**Assigned task:** Each entry must be returned exactly. None may be omitted.

**Data in this exercise:**

(* Let $(\mathcal{E},\mathcal{L},\mathcal{B})$ be a weakly left resolving labelled space with associated inverse semigroup $S$, let $\xi$ be a filter in $E(S)$ of finite type with word $\alpha\in\mathcal{L}^*$, and for $0\le n\le|\alpha|$ let $\mathcal{F}_n=\{A\in\mathcal{B}:(\alpha_{1,n},A,\alpha_{1,n})\in\xi\}$. Then (i) $\mathcal{F}_n$ is a filter in $\mathcal{B}_{\alpha_{1,n}}$ for every $1\le n\le|\alpha|$, and $\mathcal{F}_0$ is either empty or a filter in $\mathcal{B}$; (ii) $\mathcal{F}_n=\{A\in\mathcal{B}_{\alpha_{1,n}}: r(A,\alpha_{n+1,m})\in\mathcal{F}_m\}$ for all $0\le n<m\le|\alpha|$.
   Context: A directed graph $\mathcal{E}=(\mathcal{E}^0,\mathcal{E}^1,r,s)$ has countable nonempty vertex set, edge set, range/source maps; paths satisfy $r(\lambda_i)=s(\lambda_{i+1})$. A labelled graph has a surjective labelling $\mathcal{L}:\mathcal{E}^1\to\mathcal{A}$ extended letterwise to paths. $\omega$ is the empty word, $\mathcal{L}^+=\bigcup_{n\ge1}\mathcal{L}(\mathcal{E}^n)$, $\mathcal{L}^*=\{\omega\}\cup\mathcal{L}^+$; $\alpha_{i,j}=\alpha_i\cdots\alpha_j$, $\alpha_{1,0}=\omega$. For $A\subseteq\mathcal{E}^0$, $\alpha\in\mathcal{L}^+$: $r(A,\alpha)=\{r(\lambda):\mathcal{L}(\lambda)=\alpha,\ s(\lambda)\in A\}$, $r(A,\omega)=A$, $r(\alpha)=r(\mathcal{E}^0,\alpha)$. $\mathcal{B}$ accommodating: closed under $r(\cdot,\alpha)$, finite intersections and unions, contains $r(\alpha)$ for $\alpha\in\mathcal{L}^+$; labelled space weakly left resolving if $r(A\cap B,\alpha)=r(A,\alpha)\cap r(B,\alpha)$ for $A,B\in\mathcal{B}$, $\alpha\in\mathcal{L}^+$. $\mathcal{B}_\alpha=\mathcal{B}\cap\mathcal{P}(r(\alpha))$. $S$ = triples $(\alpha,A,\beta)$, $\alpha,\beta\in\mathcal{L}^*$, $\emptyset\ne A\in\mathcal{B}_\alpha\cap\mathcal{B}_\beta$, plus $0$; product $(\alpha,A,\beta)(\gamma,B,\delta)=(\alpha\gamma',r(A,\gamma')\cap B,\delta)$ if $\gamma=\beta\gamma'$, $=(\alpha,A\cap r(B,\beta'),\delta\beta')$ if $\beta=\gamma\beta'$, $=0$ otherwise (empty middle entry identified with $0$). $E(S)=\{(\alpha,A,\alpha)\}\cup\{0\}$, $p\le q$ iff $pq=p$; $(\alpha,A,\alpha)\le(\beta,B,\beta)$ iff $\alpha=\beta\alpha'$ and $A\subseteq r(B,\alpha')$. A filter in a poset with least element $0$ is a nonempty upward-closed subset not containing $0$ in which any two elements have a common lower bound in it; filters in $\mathcal{B}_\alpha$ are under inclusion. The words of any two elements of a filter in $E(S)$ are comparable; a filter $\xi$ is of finite type if among the words $\beta$ with $(\beta,B,\beta)\in\xi$ there is one of largest length, called the word of $\xi$. *)

theory Defs
  imports Main "HOL-Library.Countable_Set"
begin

**Solution to this task:**
(* Let $(\mathcal{E},\mathcal{L},\mathcal{B})$ be a weakly left resolving labelled space with associated inverse semigroup $S$, let $\xi$ be a filter in $E(S)$ of finite type with word $\alpha\in\mathcal{L}^*$, and for $0\le n\le|\alpha|$ let $\mathcal{F}_n=\{A\in\mathcal{B}:(\alpha_{1,n},A,\alpha_{1,n})\in\xi\}$. Then (i) $\mathcal{F}_n$ is a filter in $\mathcal{B}_{\alpha_{1,n}}$ for every $1\le n\le|\alpha|$, and $\mathcal{F}_0$ is either empty or a filter in $\mathcal{B}$; (ii) $\mathcal{F}_n=\{A\in\mathcal{B}_{\alpha_{1,n}}: r(A,\alpha_{n+1,m})\in\mathcal{F}_m\}$ for all $0\le n<m\le|\alpha|$.
   Context: A directed graph $\mathcal{E}=(\mathcal{E}^0,\mathcal{E}^1,r,s)$ has countable nonempty vertex set, edge set, range/source maps; paths satisfy $r(\lambda_i)=s(\lambda_{i+1})$. A labelled graph has a surjective labelling $\mathcal{L}:\mathcal{E}^1\to\mathcal{A}$ extended letterwise to paths. $\omega$ is the empty word, $\mathcal{L}^+=\bigcup_{n\ge1}\mathcal{L}(\mathcal{E}^n)$, $\mathcal{L}^*=\{\omega\}\cup\mathcal{L}^+$; $\alpha_{i,j}=\alpha_i\cdots\alpha_j$, $\alpha_{1,0}=\omega$. For $A\subseteq\mathcal{E}^0$, $\alpha\in\mathcal{L}^+$: $r(A,\alpha)=\{r(\lambda):\mathcal{L}(\lambda)=\alpha,\ s(\lambda)\in A\}$, $r(A,\omega)=A$, $r(\alpha)=r(\mathcal{E}^0,\alpha)$. $\mathcal{B}$ accommodating: closed under $r(\cdot,\alpha)$, finite intersections and unions, contains $r(\alpha)$ for $\alpha\in\mathcal{L}^+$; labelled space weakly left resolving if $r(A\cap B,\alpha)=r(A,\alpha)\cap r(B,\alpha)$ for $A,B\in\mathcal{B}$, $\alpha\in\mathcal{L}^+$. $\mathcal{B}_\alpha=\mathcal{B}\cap\mathcal{P}(r(\alpha))$. $S$ = triples $(\alpha,A,\beta)$, $\alpha,\beta\in\mathcal{L}^*$, $\emptyset\ne A\in\mathcal{B}_\alpha\cap\mathcal{B}_\beta$, plus $0$; product $(\alpha,A,\beta)(\gamma,B,\delta)=(\alpha\gamma',r(A,\gamma')\cap B,\delta)$ if $\gamma=\beta\gamma'$, $=(\alpha,A\cap r(B,\beta'),\delta\beta')$ if $\beta=\gamma\beta'$, $=0$ otherwise (empty middle entry identified with $0$). $E(S)=\{(\alpha,A,\alpha)\}\cup\{0\}$, $p\le q$ iff $pq=p$; $(\alpha,A,\alpha)\le(\beta,B,\beta)$ iff $\alpha=\beta\alpha'$ and $A\subseteq r(B,\alpha')$. A filter in a poset with least element $0$ is a nonempty upward-closed subset not containing $0$ in which any two elements have a common lower bound in it; filters in $\mathcal{B}_\alpha$ are under inclusion. The words of any two elements of a filter in $E(S)$ are comparable; a filter $\xi$ is of finite type if among the words $\beta$ with $(\beta,B,\beta)\in\xi$ there is one of largest length, called the word of $\xi$. *)

theory Defs
  imports Main "HOL-Library.Countable_Set"
begin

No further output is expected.